(* Let $\vec E$ be as in the context, fix $b\in\Lambda^*$, and for $J_\Lambda,J'_\Lambda\in\mathbb{R}^{\Lambda^*}$ consider the curve $J_\Lambda(s)=e^{-s}J_\Lambda+\sqrt{1-e^{-2s}}J'_\Lambda$, $s\ge0$. Then for all $0\le t\le1$, $$\big|F_b(t)-F_b(0)\big|\le 6\sqrt t\cdot\max_{e\in\Lambda^*}\big(|J_e|\vee|J'_e|\big)\cdot\max_{s\le t}|\partial\mathcal D_b(s)|.$$
   Context: $\Lambda\subset\mathbb{Z}^d$ is a finite box, $\Lambda^*$ its set of nearest-neighbour edges. For spins $\eta$ and $e=\{x,y\}$, $\eta_e=\eta_x\eta_y$; $\mathcal S_\Lambda\subset\{-1,1\}^{\Lambda^*}$ is the set of edge configurations induced by spin configurations on $\Lambda$. $H_{\Lambda,J}(\eta)=-\sum_{e\in\Lambda^*}J_e\eta_e$. $\vec E=(E(\eta,\eta'))_{\eta,\eta'\in\mathcal S_\Lambda}$ is a family of reals with $E(\eta,\eta)=0$ and $E(\eta,\eta'')=E(\eta,\eta')+E(\eta',\eta'')$. Critical set $\mathcal C=\bigcup_{\eta\ne\eta'}\{J_\Lambda:\sum_eJ_e(\eta_e-\eta'_e)=E(\eta,\eta')\}$. For $J_\Lambda\notin\mathcal C$, $\eta\prec\eta'$ iff $E(\eta,\eta')+H_{\Lambda,J}(\eta)-H_{\Lambda,J}(\eta')<0$ (a strict total order); $\sigma^{\pm,b}(J_\Lambda)$ is the $\prec$-minimal element among $\eta$ with $\eta_b=\pm1$; $\partial\mathcal D_b(J_\Lambda)=\{e\in\Lambda^*:\sigma^{+,b}_e(J_\Lambda)\ne\sigma^{-,b}_e(J_\Lambda)\}$ (the boundary of the critical droplet of $b$). The flexibility $F_b(J_\Lambda)=\big|-\sum_{e}J_e(\sigma^{+,b}_e(J_\Lambda)-\sigma^{-,b}_e(J_\Lambda))+E(\sigma^{+,b}(J_\Lambda),\sigma^{-,b}(J_\Lambda))\big|$ on $\mathbb{R}^{\Lambda^*}\setminus\mathcal C$ extends uniquely to a continuous function on $\mathbb{R}^{\Lambda^*}$, still denoted $F_b$. Write $F_b(s)=F_b(J_\Lambda(s))$ and $\partial\mathcal D_b(s)=\partial\mathcal D_b(J_\Lambda(s))$ (defined for $J_\Lambda(s)\notin\mathcal C$). $a\vee b=\max(a,b)$. *)

theory Defs
  imports "HOL-Analysis.Analysis"
begin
•••••
**The problem:**
Each entry above has to be transcribed exactly as it appears.

**Solution to the problem:**
(* Let $\vec E$ be as in the context, fix $b\in\Lambda^*$, and for $J_\Lambda,J'_\Lambda\in\mathbb{R}^{\Lambda^*}$ consider the curve $J_\Lambda(s)=e^{-s}J_\Lambda+\sqrt{1-e^{-2s}}J'_\Lambda$, $s\ge0$. Then for all $0\le t\le1$, $$\big|F_b(t)-F_b(0)\big|\le 6\sqrt t\cdot\max_{e\in\Lambda^*}\big(|J_e|\vee|J'_e|\big)\cdot\max_{s\le t}|\partial\mathcal D_b(s)|.$$
   Context: $\Lambda\subset\mathbb{Z}^d$ is a finite box, $\Lambda^*$ its set of nearest-neighbour edges. For spins $\eta$ and $e=\{x,y\}$, $\eta_e=\eta_x\eta_y$; $\mathcal S_\Lambda\subset\{-1,1\}^{\Lambda^*}$ is the set of edge configurations induced by spin configurations on $\Lambda$. $H_{\Lambda,J}(\eta)=-\sum_{e\in\Lambda^*}J_e\eta_e$. $\vec E=(E(\eta,\eta'))_{\eta,\eta'\in\mathcal S_\Lambda}$ is a family of reals with $E(\eta,\eta)=0$ and $E(\eta,\eta'')=E(\eta,\eta')+E(\eta',\eta'')$. Critical set $\mathcal C=\bigcup_{\eta\ne\eta'}\{J_\Lambda:\sum_eJ_e(\eta_e-\eta'_e)=E(\eta,\eta')\}$. For $J_\Lambda\notin\mathcal C$, $\eta\prec\eta'$ iff $E(\eta,\eta')+H_{\Lambda,J}(\eta)-H_{\Lambda,J}(\eta')<0$ (a strict total order); $\sigma^{\pm,b}(J_\Lambda)$ is the $\prec$-minimal element among $\eta$ with $\eta_b=\pm1$; $\partial\mathcal D_b(J_\Lambda)=\{e\in\Lambda^*:\sigma^{+,b}_e(J_\Lambda)\ne\sigma^{-,b}_e(J_\Lambda)\}$ (the boundary of the critical droplet of $b$). The flexibility $F_b(J_\Lambda)=\big|-\sum_{e}J_e(\sigma^{+,b}_e(J_\Lambda)-\sigma^{-,b}_e(J_\Lambda))+E(\sigma^{+,b}(J_\Lambda),\sigma^{-,b}(J_\Lambda))\big|$ on $\mathbb{R}^{\Lambda^*}\setminus\mathcal C$ extends uniquely to a continuous function on $\mathbb{R}^{\Lambda^*}$, still denoted $F_b$. Write $F_b(s)=F_b(J_\Lambda(s))$ and $\partial\mathcal D_b(s)=\partial\mathcal D_b(J_\Lambda(s))$ (defined for $J_\Lambda(s)\notin\mathcal C$). $a\vee b=\max(a,b)$. *)

theory Defs
  imports "HOL-Analysis.Analysis"
begin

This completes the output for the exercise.